Tribunal Administratif de Cergy-Pontoise — Décision N° TA95-2518203
vendredi 30 janvier 2026
| Juridiction | Tribunal Administratif de Cergy-Pontoise |
| Section | Tribunal Administratif de Cergy-Pontoise |
| N° Dossier | TA95-2518203 |
| Type | Ordonnance |
| Recours | Excès de pouvoir |
Résumé IA
Le Tribunal Administratif de Cergy-Pontoise a rejeté la requête de Mme B... contestant la décision du 14 février 2025 de la commission de médiation du Val-d'Oise refusant de reconnaître sa demande de logement comme prioritaire et urgente. Le rejet est fondé sur l'autorité de la chose jugée, une précédente requête identique ayant déjà été définitivement rejetée. À titre subsidiaire, la requête est également jugée tardive, car introduite après l'expiration du délai de recours de deux mois suivant la notification de la décision attaquée.
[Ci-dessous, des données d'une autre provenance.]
text \<open>Proximal points have the same image in an equicontinuous factor: the factor map is
  uniformly continuous, and equicontinuity lets one undo the translation that brought
  the images close.\<close>
lemma proximal_same_fiber:
  fixes actX :: "'g::ab_group_add \<Rightarrow> 'x::metric_space \<Rightarrow> 'x"
    and actY :: "'g \<Rightarrow> 'y::metric_space \<Rightarrow> 'y"
  assumes compact: "compact (UNIV :: 'x set)"
    and actionY: "is_action_on actY UNIV" and equicont: "equicontinuous_on actY UNIV"
    and \<pi>_cont: "continuous_on UNIV \<pi>"
    and equivariant: "\<And>t x. \<pi> (actX t x) = actY t (\<pi> x)"
    and prox: "proximal actX a b"
  shows "\<pi> a = \<pi> b"
proof (rule ccontr)
  assume "\<pi> a \<noteq> \<pi> b"
  then have e: "0 < dist (\<pi> a) (\<pi> b)" by simp
  obtain d where d: "0 < d"
    "\<forall>t. \<forall>u\<in>UNIV. \<forall>v\<in>UNIV. dist u v < d \<longrightarrow> dist (actY t u) (actY t v) < dist (\<pi> a) (\<pi> b)"
    using equicont e unfolding equicontinuous_on_def by blast
  have "uniformly_continuous_on UNIV \<pi>" by (rule compact_uniformly_continuous[OF \<pi>_cont compact])
  then obtain d' where d': "0 < d'" "\<forall>x\<in>UNIV. \<forall>x'\<in>UNIV. dist x' x < d' \<longrightarrow> dist (\<pi> x') (\<pi> x) < d"
    using d(1) unfolding uniformly_continuous_on_def by blast
  obtain t where "dist (actX t a) (actX t b) < d'"
    using prox d'(1) orbit_gap_less_iff[of actX a b d'] by (auto simp: proximal_iff_orbit_gap)
  then have "dist (actY t (\<pi> a)) (actY t (\<pi> b)) < d" using d'(2) by (simp flip: equivariant)
  then have "dist (actY (-t) (actY t (\<pi> a))) (actY (-t) (actY t (\<pi> b))) < dist (\<pi> a) (\<pi> b)"
    using d(2) by blast
  moreover have "actY (-t) (actY t u) = u" for u
    using actionY unfolding is_action_on_def by (metis UNIV_I add.left_inverse)
  ultimately show False by simp
qed

text \<open>Conversely, over an equicontinuous factor a finite fiber with exactly
  \<open>cr\<close> points is fiber distal: it is itself \<open>\<delta>\<close>-separated for some \<open>\<delta> > 0\<close>, while any
  point proximal to a point of the fiber lies in the same fiber.\<close>
lemma fiber_distal_if_card_eq_coincidence_rank:
  fixes actX :: "'g::ab_group_add \<Rightarrow> 'x::metric_space \<Rightarrow> 'x"
    and actY :: "'g \<Rightarrow> 'y::metric_space \<Rightarrow> 'y"
  assumes compact: "compact (UNIV :: 'x set)"
    and actionY: "is_action_on actY UNIV" and equicont: "equicontinuous_on actY UNIV"
    and \<pi>_cont: "continuous_on UNIV \<pi>"
    and equivariant: "\<And>t x. \<pi> (actX t x) = actY t (\<pi> x)"
    and fin: "finite (\<pi> -` {y})"
    and card_eq: "coincidence_rank actX \<pi> y = enat (card (\<pi> -` {y}))"
  shows "fiber_distal actX \<pi> y"
  unfolding fiber_distal_def distal_point_def
proof (intro ballI allI impI notI)
  fix x z assume x: "x \<in> \<pi> -` {y}" and zx: "z \<noteq> x" and prox: "proximal actX x z"
  have z: "z \<in> \<pi> -` {y}"
    using proximal_same_fiber[OF compact actionY equicont \<pi>_cont equivariant prox] x by simp
  define n where "n = card (\<pi> -` {y})"
  have "0 < n" unfolding n_def using fin x by (auto simp: card_gt_0_iff)
  then have "enat (n - 1) < coincidence_rank actX \<pi> y" using card_eq n_def by simp
  then obtain \<delta> where \<delta>: "0 < \<delta>" "enat (n - 1) < cr_delta actX \<pi> y \<delta>"
    unfolding coincidence_rank_SUP by (auto simp: less_SUP_iff)
  then obtain S where S: "finite S" "S \<subseteq> \<pi> -` {y}" "orbit_separated actX \<delta> S" "n - 1 < card S"
    unfolding cr_delta_separated_cards separated_cards_def by (auto simp: less_Sup_iff)
  have "card S \<le> n" unfolding n_def using card_mono[OF fin S(2)] .
  then have "S = \<pi> -` {y}" using S(4) card_subset_eq[OF fin S(2)] unfolding n_def by simp
  then have "\<delta> \<le> orbit_gap actX x z" using S(3) x z zx unfolding orbit_separated_def by auto
  then show False using prox \<delta>(1) by (simp add: proximal_iff_orbit_gap)
qed

subsection \<open>Minimal systems over an equicontinuous factor\<close>

lemma continuous_action_on_slice:
  assumes "continuous_action_on act UNIV"
  shows "continuous_on UNIV (act s)"
proof -
  have "continuous_on UNIV (\<lambda>x. (\<lambda>p. act (fst p) (snd p)) (s, x))"
    using assms unfolding continuous_action_on_def
    by (rule continuous_on_compose2) (auto intro: continuous_intros)
  then show ?thesis by simp
qed

locale minimal_over_equicontinuous_factor =
  fixes actX :: "'g::ab_group_add \<Rightarrow> 'x::metric_space \<Rightarrow> 'x"
    and actY :: "'g \<Rightarrow> 'y::metric_space \<Rightarrow> 'y"
    and \<pi> :: "'x \<Rightarrow> 'y"
  assumes compact: "compact (UNIV :: 'x set)"
    and action: "is_action_on actX UNIV"
    and cont: "\<And>s. continuous_on UNIV (actX s)"
    and minimal: "minimal_action actX"
    and actionY: "is_action_on actY UNIV"
    and equicont: "equicontinuous_on actY UNIV"
    and \<pi>_cont: "continuous_on UNIV \<pi>"
    and \<pi>_surj: "surj \<pi>"
    and equivariant: "\<And>t x. \<pi> (actX t x) = actY t (\<pi> x)"
begin

lemma coincidence_rank_const: "coincidence_rank actX \<pi> y = coincidence_rank actX \<pi> y'"
  using compact action cont minimal \<pi>_cont \<pi>_surj equivariant
  by (rule coincidence_rank_independent)

lemma coincidence_rank_le_minimal_rank: "coincidence_rank actX \<pi> y \<le> minimal_rank \<pi>"
  unfolding minimal_rank_def
proof (rule INF_greatest)
  fix y' show "coincidence_rank actX \<pi> y \<le> ecard (\<pi> -` {y'})"
    using coincidence_rank_le_ecard[of actX \<pi> y'] coincidence_rank_const[of y y'] by simp
qed

lemma fiber_distal_iff_card_eq_coincidence_rank:
  assumes mr_finite: "minimal_rank \<pi> < \<infinity>"
  shows "fiber_distal actX \<pi> y \<longleftrightarrow> ecard (\<pi> -` {y}) = coincidence_rank actX \<pi> y'"
proof
  assume "fiber_distal actX \<pi> y"
  then show "ecard (\<pi> -` {y}) = coincidence_rank actX \<pi> y'"
    using coincidence_rank_fiber_distal coincidence_rank_const[of y y'] by metis
next
  assume eq: "ecard (\<pi> -` {y}) = coincidence_rank actX \<pi> y'"
  have "coincidence_rank actX \<pi> y' < \<infinity>"
    using coincidence_rank_le_minimal_rank mr_finite by (rule le_less_trans)
  then have fin: "finite (\<pi> -` {y})" using eq by (auto simp: ecard_def split: if_splits)
  then have "coincidence_rank actX \<pi> y = enat (card (\<pi> -` {y}))"
    using eq coincidence_rank_const[of y y'] by (simp add: ecard_def)
  then show "fiber_distal actX \<pi> y"
    by (rule fiber_distal_if_card_eq_coincidence_rank[where actX = actX and actY = actY,
          OF compact actionY equicont \<pi>_cont equivariant fin])
qed

end

theorem mainTheorem2:
  fixes actX :: "'g::{topological_ab_group_add, t2_space} \<Rightarrow> 'x::metric_space \<Rightarrow> 'x"
    and actY :: "'g \<Rightarrow> 'y::metric_space \<Rightarrow> 'y"
    and \<pi> :: "'x \<Rightarrow> 'y"
  assumes G_lc: "locally_compact_space (euclidean :: 'g topology)"
    and X_compact: "compact (UNIV :: 'x set)"
    and act: "is_action_on actX UNIV"
    and act_cont: "continuous_action_on actX UNIV"
    and minimal: "minimal_action actX"
    and maxfac: "max_equicontinuous_factor actX actY \<pi>"
    and mr_finite: "minimal_rank \<pi> < \<infinity>"
  shows "(\<forall>y y'. fiber_distal actX \<pi> y \<longrightarrow> coincidence_rank actX \<pi> y' = ecard (\<pi> -` {y}))
       \<and> (\<forall>y'. {y. fiber_distal actX \<pi> y} = {y. ecard (\<pi> -` {y}) = coincidence_rank actX \<pi> y'})
       \<and> (\<forall>y'. (\<exists>y. fiber_distal actX \<pi> y) \<longrightarrow> coincidence_rank actX \<pi> y' = minimal_rank \<pi>)"
proof -
  interpret minimal_over_equicontinuous_factor actX actY \<pi>
    using X_compact act continuous_action_on_slice[OF act_cont] minimal maxfac
    by unfold_locales (auto simp: max_equicontinuous_factor_def)
  note distal_iff = fiber_distal_iff_card_eq_coincidence_rank[OF mr_finite]
  have mr_le: "minimal_rank \<pi> \<le> ecard (\<pi> -` {y})" for y
    unfolding minimal_rank_def by (rule INF_lower) simp
  show ?thesis
  proof (intro conjI allI impI)
    fix y y' assume "fiber_distal actX \<pi> y"
    then show "coincidence_rank actX \<pi> y' = ecard (\<pi> -` {y})" using distal_iff by metis
  next
    fix y'
    show "{y. fiber_distal actX \<pi> y} = {y. ecard (\<pi> -` {y}) = coincidence_rank actX \<pi> y'}"
      using distal_iff by blast
  next
    fix y' assume "\<exists>y. fiber_distal actX \<pi> y"
    then obtain y where "ecard (\<pi> -` {y}) = coincidence_rank actX \<pi> y'" using distal_iff by blast
    then show "coincidence_rank actX \<pi> y' = minimal_rank \<pi>"
      using coincidence_rank_le_minimal_rank[of y'] mr_le[of y] by (simp add: antisym)
  qed
qed

end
La solution s'appuie sur les articles R. 222-1 4° et R. 421-1 du code de justice administrative, ainsi que sur l'article 1355 du code civil.
Texte intégral
Vu la procédure suivante :
Par une requête et un mémoire, enregistrés les 15 septembre et 29 décembre 2025, Mme A... B... demande au tribunal :
1°) d’annuler la décision en date du 14 février 2025 par laquelle la commission de médiation du département du Val-d’Oise a rejeté sa demande tendant à voir reconnaître comme prioritaire et urgente au titre du II de l’article L. 441-2-3 du code de la construction et de l’habitation sa demande de logement social ;
2°) d’enjoindre à la commission de médiation de réexaminer sa demande.
Vu :
- la décision du 14 février 2025 par laquelle la commission de médiation du département du Val-d’Oise a statué sur le recours amiable n° 0952024006548 de Mme B... ;
- les autres pièces du dossier.
Vu :
- le code de la construction et de l’habitation ;
- le code de justice administrative.
Considérant ce qui suit :
1. Les dispositions du 4° de l’article R. 222-1 du code de justice administrative permettent aux présidents de formation de jugement de tribunal administratif de rejeter par ordonnance les requêtes manifestement irrecevables, lorsque la juridiction n'est pas tenue d'inviter leur auteur à les régulariser ou qu'elles n'ont pas été régularisées à l'expiration du délai imparti par une demande en ce sens.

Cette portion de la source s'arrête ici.